6.4. The same permanent disability may result in different percentages of
loss of earning capacity in different persons, depending upon the nature of
profession, occupation or job, age, education and other factors.
6.5. Ascertainment of the effect of the permanent disability on the actual
earning capacity involves three steps:
(i) The Tribunal has to first ascertain what activities the claimant
could carry on in spite of the permanent disability and what he could not
do as a result of the permanent disability (this is also relevant for
awarding compensation under the head of loss of amenities of life).
(ii) The second step is to ascertain his avocation, profession and nature
of work before the accident, as also his age.

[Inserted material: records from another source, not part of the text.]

lemma edge_in_unique_triangle:
  assumes K4: "\<not> contains_induced V E 4 K4" and diamond: "\<not> contains_induced V E 4 diamond"
    and "E v a" "E v b" "E a b" "E v d" "E a d"
  shows "b = d"
proof (rule ccontr)
  assume "b \<noteq> d"
  let ?vs = "[v, a, b, d]"
  have vs: "distinct ?vs" "set ?vs \<subseteq> V"
    using assms(3-) \<open>b \<noteq> d\<close> adj_in_V adj_irrefl by auto
  show False
  proof (cases "E b d")
    case True
    have "contains_induced V E (length ?vs) K4"
      using assms(3-) True adj_sym
      by (intro contains_induced_of_list vs)
         (simp add: K4_def pat_def All_less_Suc numeral_eq_Suc; blast)
    with K4 show False by (simp add: numeral_eq_Suc)
  next
    case False
    have "contains_induced V E (length ?vs) diamond"
      using assms(3-) False adj_sym
      by (intro contains_induced_of_list vs)
         (simp add: diamond_def pat_def All_less_Suc numeral_eq_Suc; blast)
    with diamond show False by (simp add: numeral_eq_Suc)
  qed
qed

(iii) The third step is to find out whether :
a) The claimant is totally disabled from earning any kind of
livelihood, or
b) Whether in spite of the permanent disability, the claimant could
still effectively carry on the activities and functions, which he
was earlier carrying on, or
c) Whether he was prevented or restricted from discharging his
previous activities and functions, but could carry on some other
or lesser scale of activities and functions so that he continues to
earn or can continue to earn his livelihood.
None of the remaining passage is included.